lemma norm_dominated_graph_extension_value:
  fixes z :: "'a::real_normed_vector"
  assumes G: "norm_dominated_graph G"
  obtains c where "\<And>x a t. (x, a) \<in> G \<Longrightarrow> a + t * c \<le> norm (x + t *\<^sub>R z)"
proof -
  note sub = norm_dominated_graphD(1)[OF G]
  obtain c where lower: "\<And>x a. (x, a) \<in> G \<Longrightarrow> a - norm (x - z) \<le> c"
    and upper: "\<And>y b. (y, b) \<in> G \<Longrightarrow> c \<le> norm (y + z) - b"
    using norm_dominated_graph_separating_value[OF G] by blast
  have "a + t * c \<le> norm (x + t *\<^sub>R z)" if xa: "(x, a) \<in> G" for x a t
  proof (cases t "0::real" rule: linorder_cases)
    case less
    have "(inverse (- t) *\<^sub>R x, inverse (- t) * a) \<in> G"
      using subspace_scale[OF sub xa, of "inverse (- t)"] by simp
    from lower[OF this] have "- t * (inverse (- t) * a - norm (inverse (- t) *\<^sub>R x - z)) \<le> - t * c"
      using less by (intro mult_left_mono) auto
    moreover have "x + t *\<^sub>R z = (- t) *\<^sub>R (inverse (- t) *\<^sub>R x - z)"
      using less by (simp add: algebra_simps)
    then have "norm (x + t *\<^sub>R z) = - t * norm (inverse (- t) *\<^sub>R x - z)"
      using less by simp
    ultimately show ?thesis
      using less by (simp add: algebra_simps)
  next
    case equal
    then show ?thesis
      using norm_dominated_graphD(2)[OF G xa] by simp
  next
    case greater
    have "(inverse t *\<^sub>R x, inverse t * a) \<in> G"
      using subspace_scale[OF sub xa, of "inverse t"] by simp
    from upper[OF this] have "t * c \<le> t * (norm (inverse t *\<^sub>R x + z) - inverse t * a)"
      using greater by (intro mult_left_mono) auto
    moreover have "x + t *\<^sub>R z = t *\<^sub>R (inverse t *\<^sub>R x + z)"
      using greater by (simp add: algebra_simps)
    then have "norm (x + t *\<^sub>R z) = t * norm (inverse t *\<^sub>R x + z)"
      using greater by simp
    ultimately show ?thesis
      using greater by (simp add: algebra_simps)
  qed
  then show ?thesis
    using that by blast
qed

lemma norm_dominated_graph_extend:
  assumes G: "norm_dominated_graph G" and z: "z \<notin> Domain G"
  obtains G' where "norm_dominated_graph G'" "G \<subset> G'"
proof -
  obtain c where c: "\<And>x a t. (x, a) \<in> G \<Longrightarrow> a + t * c \<le> norm (x + t *\<^sub>R z)"
    using norm_dominated_graph_extension_value[OF G] by blast
  define G' where "G' = {p + q | p q. p \<in> G \<and> q \<in> span {(z, c)}}"
  have sub: "subspace G"
    using norm_dominated_graphD(1)[OF G] .
  have in_G': "p + t *\<^sub>R (z, c) \<in> G'" if "p \<in> G" for p t
    unfolding G'_def span_singleton using that by blast
  have "subspace G'"
    unfolding G'_def using sub by (intro subspace_sums subspace_span)
  moreover have "a \<le> norm x" if xa: "(x, a) \<in> G'" for x a
  proof -
    obtain p t where "p \<in> G" "(x, a) = p + t *\<^sub>R (z, c)"
      using xa unfolding G'_def span_singleton by blast
    then show ?thesis
      using c[of "fst p" "snd p" t] by (cases p) simp
  qed
  ultimately have "norm_dominated_graph G'"
    unfolding norm_dominated_graph_def by blast
  moreover have "G \<subseteq> G'"
  proof
    fix p
    assume "p \<in> G"
    then show "p \<in> G'"
      using in_G'[of p 0] by (simp add: zero_prod_def[symmetric])
  qed
  moreover have "(z, c) \<in> G'"
    using in_G'[OF subspace_0[OF sub], of 1] by simp
  moreover have "(z, c) \<notin> G"
    using z by (simp add: Domain_iff)
  ultimately show ?thesis
    using that by blast
qed

lemma subspace_Union_chain:
  assumes "\<C> \<noteq> {}" "\<And>S. S \<in> \<C> \<Longrightarrow> subspace S"
    and chain: "\<And>S T. S \<in> \<C> \<Longrightarrow> T \<in> \<C> \<Longrightarrow> S \<subseteq> T \<or> T \<subseteq> S"
  shows "subspace (\<Union>\<C>)"
  unfolding subspace_def
proof (intro conjI ballI allI)
  show "0 \<in> \<Union>\<C>"
    using assms(1,2) subspace_0 by blast
  show "c *\<^sub>R x \<in> \<Union>\<C>" if "x \<in> \<Union>\<C>" for c x
    using that assms(2) subspace_scale by blast
  show "x + y \<in> \<Union>\<C>" if xy: "x \<in> \<Union>\<C>" "y \<in> \<Union>\<C>" for x y
  proof -
    obtain S T where ST: "S \<in> \<C>" "T \<in> \<C>" "x \<in> S" "y \<in> T"
      using xy by blast
    then show ?thesis
      using chain[of S T] assms(2) subspace_add by blast
  qed
qed
lemma fpdim_le_of_brick_set_embedding:
  assumes n: "n \<ge> 1"
    and embed: "\<And>\<phi>. brick_set sc1 Hom1 id1 n \<phi> \<Longrightarrow> inj_on h \<phi> \<and> brick_set sc2 Hom2 id2 n (h ` \<phi>)"
    and adj: "\<And>X Y. adj_matrix sc2 Hom2 S2 (h X) (h Y) = adj_matrix sc1 Hom1 S1 X Y"
  shows "fpdim sc1 Hom1 id1 n S1 \<le> fpdim sc2 Hom2 id2 n S2"
proof (cases "{\<phi>. brick_set sc1 Hom1 id1 n \<phi>} = {}")
  case True
  then have "fpdim sc1 Hom1 id1 n S1 = 0" by (simp add: fpdim_def)
  with fpdim_nonneg[OF n] show ?thesis by simp
next
  case False
  then have ne2: "{\<phi>. brick_set sc2 Hom2 id2 n \<phi>} \<noteq> {}" using embed by blast
  have "spec_rad_inf \<phi> (adj_matrix sc1 Hom1 S1) \<le> fpdim sc2 Hom2 id2 n S2"
    if "brick_set sc1 Hom1 id1 n \<phi>" for \<phi>
  proof -
    from embed[OF that] have inj: "inj_on h \<phi>" and B: "brick_set sc2 Hom2 id2 n (h ` \<phi>)" by auto
    have "spec_rad_inf \<phi> (adj_matrix sc1 Hom1 S1) \<le> spec_rad_inf (h ` \<phi>) (adj_matrix sc2 Hom2 S2)"
      using spec_rad_inf_reindex_le[OF inj] adj by blast
    also have "\<dots> \<le> (SUP \<psi> \<in> {\<psi>. brick_set sc2 Hom2 id2 n \<psi>}. spec_rad_inf \<psi> (adj_matrix sc2 Hom2 S2))"
      using B by (intro SUP_upper) simp
    also have "\<dots> = fpdim sc2 Hom2 id2 n S2"
      using ne2 by (simp only: fpdim_def if_False)
    finally show ?thesis .
  qed
  then have "(SUP \<phi> \<in> {\<phi>. brick_set sc1 Hom1 id1 n \<phi>}. spec_rad_inf \<phi> (adj_matrix sc1 Hom1 S1))
      \<le> fpdim sc2 Hom2 id2 n S2"
    by (intro SUP_least) simp
  then show ?thesis using False by (simp only: fpdim_def[of sc1] if_False)
qed
lemma dual_solution_in_ball:
  assumes optC: "dual_optimal x y C \<theta>\<^sub>C" and optD: "dual_optimal x y D \<theta>\<^sub>D" and D: "0 \<le> D"
  shows "norm (D *\<^sub>R XbarT x y \<theta>\<^sub>D - ((C + D)/2) *\<^sub>R XbarT x y \<theta>\<^sub>C)
           \<le> \<bar>D - C\<bar>/2 * norm (XbarT x y \<theta>\<^sub>C)"
proof (rule power2_le_imp_le)
  define u v where "u = XbarT x y \<theta>\<^sub>C" and "v = XbarT x y \<theta>\<^sub>D"
  have feas: "dual_feasible \<theta>\<^sub>C" "dual_feasible \<theta>\<^sub>D"
    using optC optD by (simp_all add: dual_optimal_def)
  have "0 \<le> C * (u \<bullet> (v - u)) - (\<Sum>j\<in>UNIV. (\<theta>\<^sub>D - \<theta>\<^sub>C) $ j)"
       "0 \<le> D * (v \<bullet> (u - v)) - (\<Sum>j\<in>UNIV. (\<theta>\<^sub>C - \<theta>\<^sub>D) $ j)"
    using dual_optimal_variational_ineq[OF optC feas(2)]
      dual_optimal_variational_ineq[OF optD feas(1)]
    by (simp_all add: u_def v_def linear_diff[OF linear_XbarT])
  then have "0 \<le> C * (u \<bullet> v - u \<bullet> u) + D * (u \<bullet> v - v \<bullet> v)"
    by (simp add: inner_diff inner_commute sum_subtractf algebra_simps)
  then have "C * D * (u \<bullet> u) + D\<^sup>2 * (v \<bullet> v) \<le> (C + D) * D * (u \<bullet> v)"
    using mult_left_mono[OF _ D] by (fastforce simp: power2_eq_square algebra_simps)
  moreover have "(norm (D *\<^sub>R v - ((C + D)/2) *\<^sub>R u))\<^sup>2
      = D\<^sup>2 * (v \<bullet> v) - (C + D) * D * (u \<bullet> v) + ((C + D)/2)\<^sup>2 * (u \<bullet> u)"
    unfolding power2_norm_eq_inner
    by (simp add: inner_diff inner_commute algebra_simps power2_eq_square) (simp add: field_simps)
  moreover have "((C + D)/2)\<^sup>2 * (u \<bullet> u) = C * D * (u \<bullet> u) + (\<bar>D - C\<bar>/2 * norm u)\<^sup>2"
    unfolding power_mult_distrib power_divide power2_abs power2_norm_eq_inner
    by (simp add: power2_eq_square field_simps)
  ultimately show "(norm (D *\<^sub>R v - ((C + D)/2) *\<^sub>R u))\<^sup>2 \<le> (\<bar>D - C\<bar>/2 * norm u)\<^sup>2"
    by linarith
qed simp

lemma inner_diff_le_of_norm_diff_le:
  fixes w m v :: "'a::real_inner"
  assumes "norm (w - m) \<le> r"
  shows "\<bar>w \<bullet> v - m \<bullet> v\<bar> \<le> r * norm v"
  using Cauchy_Schwarz_ineq2[of "w - m" v] mult_right_mono[OF assms norm_ge_zero[of v]]
  by (simp add: inner_diff_left)

theorem corollary3:
  fixes x :: "'m::finite \<Rightarrow> real^'n" and y :: "'m \<Rightarrow> real"
    and Cs :: "nat \<Rightarrow> real" and K k :: nat and i :: 'm
    and \<theta>k \<theta>k1 :: "real^'m"
  assumes labels: "\<forall>j. y j = 1 \<or> y j = -1"
    and Cpos: "0 < Cs 1"
    and Cinc: "\<forall>j. 1 \<le> j \<and> j < K \<longrightarrow> Cs j < Cs (Suc j)"
    and krange: "1 \<le> k" "k < K"
    and optk: "dual_optimal x y (Cs k) \<theta>k"
    and optk1: "dual_optimal x y (Cs (Suc k)) \<theta>k1"
  shows
    "((Cs (Suc k) + Cs k)/2 * (XbarT x y \<theta>k \<bullet> xbar x y i)
        - (Cs (Suc k) - Cs k)/2 * norm (XbarT x y \<theta>k) * norm (xbar x y i) > 1
      \<longrightarrow> \<theta>k1 $ i = 0 \<and>
          (\<forall>w. primal_optimal x y (Cs (Suc k)) w \<longrightarrow> w \<bullet> xbar x y i > 1))
   \<and> ((Cs (Suc k) + Cs k)/2 * (XbarT x y \<theta>k \<bullet> xbar x y i)
        + (Cs (Suc k) - Cs k)/2 * norm (XbarT x y \<theta>k) * norm (xbar x y i) < 1
      \<longrightarrow> \<theta>k1 $ i = 1 \<and>
          (\<forall>w. primal_optimal x y (Cs (Suc k)) w \<longrightarrow> w \<bullet> xbar x y i < 1))"
proof -
  define C D where "C = Cs k" and "D = Cs (Suc k)"
  note optk1 = optk1[folded D_def]
  have "Cs 1 \<le> Cs k"
    using krange(1) by (induction k rule: dec_induct) (use Cinc krange in \<open>force+\<close>)
  then have CD: "0 < C" "C < D"
    using Cpos Cinc krange by (auto simp: C_def D_def)
  have margin: "\<bar>D * (XbarT x y \<theta>k1 \<bullet> xbar x y i) - (D + C)/2 * (XbarT x y \<theta>k \<bullet> xbar x y i)\<bar>
                  \<le> (D - C)/2 * norm (XbarT x y \<theta>k) * norm (xbar x y i)"
    using inner_diff_le_of_norm_diff_le[OF dual_solution_in_ball[OF optk[folded C_def] optk1]] CD
    by (simp add: add.commute)
  have primal: "w \<bullet> xbar x y i = D * (XbarT x y \<theta>k1 \<bullet> xbar x y i)"
    if "primal_optimal x y D w" for w
    using primal_optimal_eq_dual_solution[OF optk1 _ that] CD by simp
  show ?thesis
    unfolding C_def[symmetric] D_def[symmetric]
  proof (intro conjI impI)
    assume "(D + C)/2 * (XbarT x y \<theta>k \<bullet> xbar x y i)
              - (D - C)/2 * norm (XbarT x y \<theta>k) * norm (xbar x y i) > 1"
    then have "D * (XbarT x y \<theta>k1 \<bullet> xbar x y i) > 1" using abs_le_D2[OF margin] by linarith
    then show "\<theta>k1 $ i = 0" "\<forall>w. primal_optimal x y D w \<longrightarrow> w \<bullet> xbar x y i > 1"
      using dual_optimal_coord_eq_0[OF optk1] primal by auto
  next
    assume "(D + C)/2 * (XbarT x y \<theta>k \<bullet> xbar x y i)
              + (D - C)/2 * norm (XbarT x y \<theta>k) * norm (xbar x y i) < 1"
    then have "D * (XbarT x y \<theta>k1 \<bullet> xbar x y i) < 1" using abs_le_D1[OF margin] by linarith
    then show "\<theta>k1 $ i = 1" "\<forall>w. primal_optimal x y D w \<longrightarrow> w \<bullet> xbar x y i < 1"
      using dual_optimal_coord_eq_1[OF optk1] primal by auto
  qed
qed

end
lemma (in finite_measure) measure_UN_Diff_initial_segment_less:
  fixes A :: "nat \<Rightarrow> 'a set"
  assumes A: "\<And>i. A i \<in> sets M" and "e > 0"
  obtains N where "measure M ((\<Union>i. A i) - (\<Union>i<N. A i)) < e"
proof -
  have "incseq (\<lambda>N. \<Union>i<N. A i)"
    unfolding incseq_def by (intro allI impI UN_mono) auto
  then have "(\<lambda>N. measure M (\<Union>i<N. A i)) \<longlonglongrightarrow> measure M (\<Union>N. \<Union>i<N. A i)"
    using A by (intro finite_Lim_measure_incseq) auto
  moreover have "(\<Union>N. \<Union>i<N. A i) = (\<Union>i. A i)"
    using UN_UN_finite_eq[of A] by (simp add: atLeast0LessThan)
  ultimately have "(\<lambda>N. measure M (\<Union>i<N. A i)) \<longlonglongrightarrow> measure M (\<Union>i. A i)"
    by simp
  from order_tendstoD(1)[OF this, of "measure M (\<Union>i. A i) - e"] \<open>e > 0\<close>
  obtain N where "measure M (\<Union>i. A i) - e < measure M (\<Union>i<N. A i)"
    unfolding eventually_sequentially by auto
  then have "measure M ((\<Union>i. A i) - (\<Union>i<N. A i)) < e"
    using A by (subst finite_measure_Diff) auto
  then show thesis by (rule that)
qed

lemma continuity_set_approx_UN:
  fixes A :: "nat \<Rightarrow> 'a::metric_space set"
  assumes sb: "sets M = sets borel" and "finite_measure M"
    and A: "\<And>i. A i \<in> sets M"
    and approx: "\<And>i e. e > 0 \<Longrightarrow> \<exists>B. continuity_set M B \<and> measure M (sym_diff (A i) B) < e"
    and "e > 0"
  shows "\<exists>B. continuity_set M B \<and> measure M (sym_diff (\<Union>i. A i) B) < e"
proof -
  interpret finite_measure M by fact
  obtain N where tail: "measure M ((\<Union>i. A i) - (\<Union>i<N. A i)) < e / 2"
    by (rule measure_UN_Diff_initial_segment_less[of A "e / 2"]) (use A \<open>e > 0\<close> in auto)
  define e' where "e' = e / (2 * (real N + 1))"
  have "e' > 0" using \<open>e > 0\<close> by (simp add: e'_def)
  then have "\<forall>i. \<exists>B. continuity_set M B \<and> measure M (sym_diff (A i) B) < e'"
    using approx by blast
  then obtain B where B: "\<And>i. continuity_set M (B i)"
    "\<And>i. measure M (sym_diff (A i) (B i)) < e'"
    by metis
  have B_sets: "B i \<in> sets M" for i
    using B(1) by (simp add: continuity_set_def)
  have UN_sets: "(\<Union>i. A i) \<in> sets M" "(\<Union>i<N. A i) \<in> sets M"
    "(\<Union>i<N. sym_diff (A i) (B i)) \<in> sets M"
    using A B_sets by auto
  have "sym_diff (\<Union>i. A i) (\<Union>i<N. B i)
      \<subseteq> ((\<Union>i. A i) - (\<Union>i<N. A i)) \<union> (\<Union>i<N. sym_diff (A i) (B i))"
    by blast
  then have "measure M (sym_diff (\<Union>i. A i) (\<Union>i<N. B i))
      \<le> measure M (((\<Union>i. A i) - (\<Union>i<N. A i)) \<union> (\<Union>i<N. sym_diff (A i) (B i)))"
    using UN_sets by (intro finite_measure_mono) auto
  also have "\<dots> \<le> measure M ((\<Union>i. A i) - (\<Union>i<N. A i)) + measure M (\<Union>i<N. sym_diff (A i) (B i))"
    using UN_sets by (intro measure_Un_le) auto
  also have "measure M (\<Union>i<N. sym_diff (A i) (B i)) \<le> (\<Sum>i<N. measure M (sym_diff (A i) (B i)))"
    using A B_sets by (intro measure_UNION_le) auto
  also have "\<dots> \<le> real N * e'"
    using sum_bounded_above[of "{..<N}" "\<lambda>i. measure M (sym_diff (A i) (B i))" e'] B(2)
    by (simp add: less_imp_le)
  also have "\<dots> \<le> e / 2"
    using \<open>e > 0\<close> by (simp add: e'_def field_simps)
  finally have "measure M (sym_diff (\<Union>i. A i) (\<Union>i<N. B i)) < e"
    using tail by linarith
  moreover have "continuity_set M (\<Union>i<N. B i)"
    using continuity_set_finite_UN[OF sb] B(1) by blast
  ultimately show ?thesis by blast
qed

lemma continuity_set_approx:
  assumes sb: "sets M = sets borel" and fm: "finite_measure M" and "A \<in> sets M" and "e > 0"
  obtains B where "continuity_set M B" "measure M (sym_diff A B) < e"
proof -
  have "A \<in> sigma_sets UNIV {S. open S}"
    using \<open>A \<in> sets M\<close> sb by (simp add: sets_borel)
  then have "\<forall>e>0. \<exists>B. continuity_set M B \<and> measure M (sym_diff A B) < e"
  proof (induction rule: sigma_sets.induct)
    case (Basic U)
    then show ?case
      using open_continuity_set_approx[OF sb fm] by (metis mem_Collect_eq)
  next
    case Empty
    then show ?case
      using continuity_set_empty by fastforce
  next
    case (Compl A)
    have "sym_diff (UNIV - A) (- B) = sym_diff A B" for B
      by blast
    then show ?case
      using Compl.IH continuity_set_Compl[OF sb] by metis
  next
    case (Union A)
    have "A i \<in> sets M" for i
      using Union.hyps sb by (simp add: sets_borel)
    then show ?case
      using continuity_set_approx_UN[OF sb fm] Union.IH by blast
  qed
  with \<open>e > 0\<close> that show thesis by blast
qed

definition null_boundary_approximable :: "'a::metric_space measure \<Rightarrow> ('a \<Rightarrow> real) \<Rightarrow> bool" where
  "null_boundary_approximable M f \<longleftrightarrow>
    (\<forall>e>0. \<exists>g. integrable M g \<and> boundary g \<in> null_sets M \<and> (\<integral>x. \<bar>f x - g x\<bar> \<partial>M) < e)"

lemma integral_abs_add_le:
  fixes u v :: "'a \<Rightarrow> real"
  assumes "integrable M u" "integrable M v"
  shows "(\<integral>x. \<bar>u x + v x\<bar> \<partial>M) \<le> (\<integral>x. \<bar>u x\<bar> \<partial>M) + (\<integral>x. \<bar>v x\<bar> \<partial>M)"
proof -
  have "(\<integral>x. \<bar>u x + v x\<bar> \<partial>M) \<le> (\<integral>x. \<bar>u x\<bar> + \<bar>v x\<bar> \<partial>M)"
    using assms by (intro integral_mono) (auto simp: abs_triangle_ineq)
  also have "\<dots> = (\<integral>x. \<bar>u x\<bar> \<partial>M) + (\<integral>x. \<bar>v x\<bar> \<partial>M)"
    using assms by (intro Bochner_Integration.integral_add) auto
  finally show ?thesis .
qed

lemma null_boundary_approximable_indicator:
  assumes sb: "sets M = sets borel" and fm: "finite_measure M" and "A \<in> sets M"
  shows "null_boundary_approximable M (\<lambda>x. indicator A x *\<^sub>R c)"
  unfolding null_boundary_approximable_def
proof (intro allI impI)
  fix e :: real assume "e > 0"
  interpret finite_measure M by fact
  obtain B where B: "continuity_set M B" "measure M (sym_diff A B) < e / (\<bar>c\<bar> + 1)"
    using continuity_set_approx[OF sb fm \<open>A \<in> sets M\<close>, of "e / (\<bar>c\<bar> + 1)"] \<open>e > 0\<close> by auto
  define g where "g x = indicator B x *\<^sub>R c" for x
  have "B \<in> sets M" using B(1) by (simp add: continuity_set_def)
  then have "integrable M g"
    unfolding g_def by (intro integrable_scaleR_left) (simp add: integrable_indicator_iff emeasure_eq_measure)
  moreover have "boundary g \<subseteq> boundary (indicator B :: 'a \<Rightarrow> real)"
    unfolding g_def by (rule boundary_comp_subset)
  then have "boundary g \<in> null_sets M"
    using B(1) unfolding continuity_set_def by (intro boundary_in_null_sets[OF sb]) auto
  moreover have "(\<integral>x. \<bar>indicator A x *\<^sub>R c - g x\<bar> \<partial>M) < e"
  proof -
    have "\<bar>indicator A x *\<^sub>R c - g x\<bar> = indicator (sym_diff A B) x * \<bar>c\<bar>" for x
      unfolding g_def by (simp add: indicator_def)
    moreover have "sym_diff A B \<in> sets M"
      using \<open>A \<in> sets M\<close> \<open>B \<in> sets M\<close> by auto
    ultimately have "(\<integral>x. \<bar>indicator A x *\<^sub>R c - g x\<bar> \<partial>M) = measure M (sym_diff A B) * \<bar>c\<bar>"
      by simp
    also have "\<dots> \<le> e / (\<bar>c\<bar> + 1) * \<bar>c\<bar>"
      using B(2) by (intro mult_right_mono) auto
    also have "\<dots> < e"
      using \<open>e > 0\<close> by (simp add: field_simps)
    finally show ?thesis .
  qed
  ultimately show "\<exists>g. integrable M g \<and> boundary g \<in> null_sets M \<and>
      (\<integral>x. \<bar>indicator A x *\<^sub>R c - g x\<bar> \<partial>M) < e"
    by blast
qed

lemma null_boundary_approximable_add:
  assumes sb: "sets M = sets borel"
    and "integrable M f" "null_boundary_approximable M f"
    and "integrable M g" "null_boundary_approximable M g"
  shows "null_boundary_approximable M (\<lambda>x. f x + g x)"
  unfolding null_boundary_approximable_def
proof (intro allI impI)
  fix e :: real assume "e > 0"
  then obtain f' g' where f': "integrable M f'" "boundary f' \<in> null_sets M"
      "(\<integral>x. \<bar>f x - f' x\<bar> \<partial>M) < e / 2"
    and g': "integrable M g'" "boundary g' \<in> null_sets M"
      "(\<integral>x. \<bar>g x - g' x\<bar> \<partial>M) < e / 2"
    using assms(3,5) unfolding null_boundary_approximable_def by (meson half_gt_zero)
  have "boundary (\<lambda>x. f' x + g' x) \<in> null_sets M"
    using boundary_in_null_sets[OF sb boundary_comp2_subset null_sets.Un[OF f'(2) g'(2)]] .
  moreover have "(\<integral>x. \<bar>f x + g x - (f' x + g' x)\<bar> \<partial>M) < e"
  proof -
    have "(\<integral>x. \<bar>f x + g x - (f' x + g' x)\<bar> \<partial>M) = (\<integral>x. \<bar>(f x - f' x) + (g x - g' x)\<bar> \<partial>M)"
      by (simp add: algebra_simps)
    also have "\<dots> \<le> (\<integral>x. \<bar>f x - f' x\<bar> \<partial>M) + (\<integral>x. \<bar>g x - g' x\<bar> \<partial>M)"
      using assms(2,4) f'(1) g'(1) by (intro integral_abs_add_le) auto
    finally show ?thesis
      using f'(3) g'(3) by linarith
  qed
  ultimately show "\<exists>h. integrable M h \<and> boundary h \<in> null_sets M \<and>
      (\<integral>x. \<bar>f x + g x - h x\<bar> \<partial>M) < e"
    using f'(1) g'(1) by blast
qed
(* Let $n\ge1$ and let $I\subseteq\Bbbk[x_0,\dots,x_n]$ be a saturated Borel ideal. Then $P_{\nabla(I)}=\nabla(P_I)$.
   Context: $\Bbbk$ is an algebraically closed field. For a homogeneous ideal $J$ of a polynomial ring $R$, $P_J$ is the Hilbert polynomial of $R/J$. A monomial ideal $I$ is Borel if for every monomial $m\in I$, every $x_j\mid m$ and every $i<j$, $mx_i/x_j\in I$; it is saturated if $(I:\langle x_0,\dots,x_n\rangle^\infty)=I$. For a saturated Borel ideal $I\subseteq\Bbbk[x_0,\dots,x_n]$, $\nabla(I)\subseteq\Bbbk[x_0,\dots,x_{n-1}]$ is the ideal generated by the image of $I$ under the $\Bbbk$-algebra map $\Bbbk[x_0,\dots,x_n]\to\Bbbk[x_0,\dots,x_{n-1}]$ with $x_j\mapsto x_j$ for $0\le j\le n-2$ and $x_{n-1},x_n\mapsto1$. For a polynomial $q\in\mathbb{Q}[t]$, $[\nabla(q)](t):=q(t)-q(t-1)$. *)

theory Defs
  imports "HOL-Computational_Algebra.Polynomial"
begin

(* Monomials of k[x_0,...,x_n] are identified with their exponent vectors
  a :: nat => nat with a i = 0 for i > n.  A monomial ideal is identified with the
  set of monomials it contains (which determines it, and the monomials outside it
  form a k-basis of the quotient ring). *)

definition monoms :: "nat \<Rightarrow> (nat \<Rightarrow> nat) set" where
  "monoms n = {a. \<forall>i>n. a i = 0}"

definition mdeg :: "nat \<Rightarrow> (nat \<Rightarrow> nat) \<Rightarrow> nat" where
  "mdeg n a = (\<Sum>i\<le>n. a i)"

definition mdvd :: "(nat \<Rightarrow> nat) \<Rightarrow> (nat \<Rightarrow> nat) \<Rightarrow> bool" where
  "mdvd a b \<longleftrightarrow> (\<forall>i. a i \<le> b i)"

definition monomial_ideal :: "nat \<Rightarrow> (nat \<Rightarrow> nat) set \<Rightarrow> bool" where
  "monomial_ideal n M \<longleftrightarrow> M \<subseteq> monoms n \<and>
     (\<forall>a\<in>M. \<forall>b\<in>monoms n. mdvd a b \<longrightarrow> b \<in> M)"

(* Borel: m in I, x_j | m, i < j  implies  m x_i / x_j in I. *)
definition borel :: "nat \<Rightarrow> (nat \<Rightarrow> nat) set \<Rightarrow> bool" where
  "borel n M \<longleftrightarrow> monomial_ideal n M \<and>
     (\<forall>a\<in>M. \<forall>i j. i < j \<and> j \<le> n \<and> 0 < a j \<longrightarrow> (a(j := a j - 1))(i := a i + 1) \<in> M)"

(* Monomials of the saturation (I : <x_0..x_n>^\ <infinity>): m with m * <x_0..x_n>^k \ <subseteq> I
  for some k. *)
definition saturation :: "nat \<Rightarrow> (nat \<Rightarrow> nat) set \<Rightarrow> (nat \<Rightarrow> nat) set" where
  "saturation n M = {b \<in> monoms n. \<exists>k. \<forall>c\<in>monoms n. mdeg n c = k \<longrightarrow> (\<lambda>i. b i + c i) \<in> M}"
+ + +
→ Assignment: Everything from the first line of the data through the line holding "using norm_dominated_graph_separating_value[OF G]" should be output exactly, and no other lines.

→ Written response:
lemma norm_dominated_graph_extension_value:
  fixes z :: "'a::real_normed_vector"
  assumes G: "norm_dominated_graph G"
  obtains c where "\<And>x a t. (x, a) \<in> G \<Longrightarrow> a + t * c \<le> norm (x + t *\<^sub>R z)"
proof -
  note sub = norm_dominated_graphD(1)[OF G]
  obtain c where lower: "\<And>x a. (x, a) \<in> G \<Longrightarrow> a - norm (x - z) \<le> c"
    and upper: "\<And>y b. (y, b) \<in> G \<Longrightarrow> c \<le> norm (y + z) - b"
    using norm_dominated_graph_separating_value[OF G] by blast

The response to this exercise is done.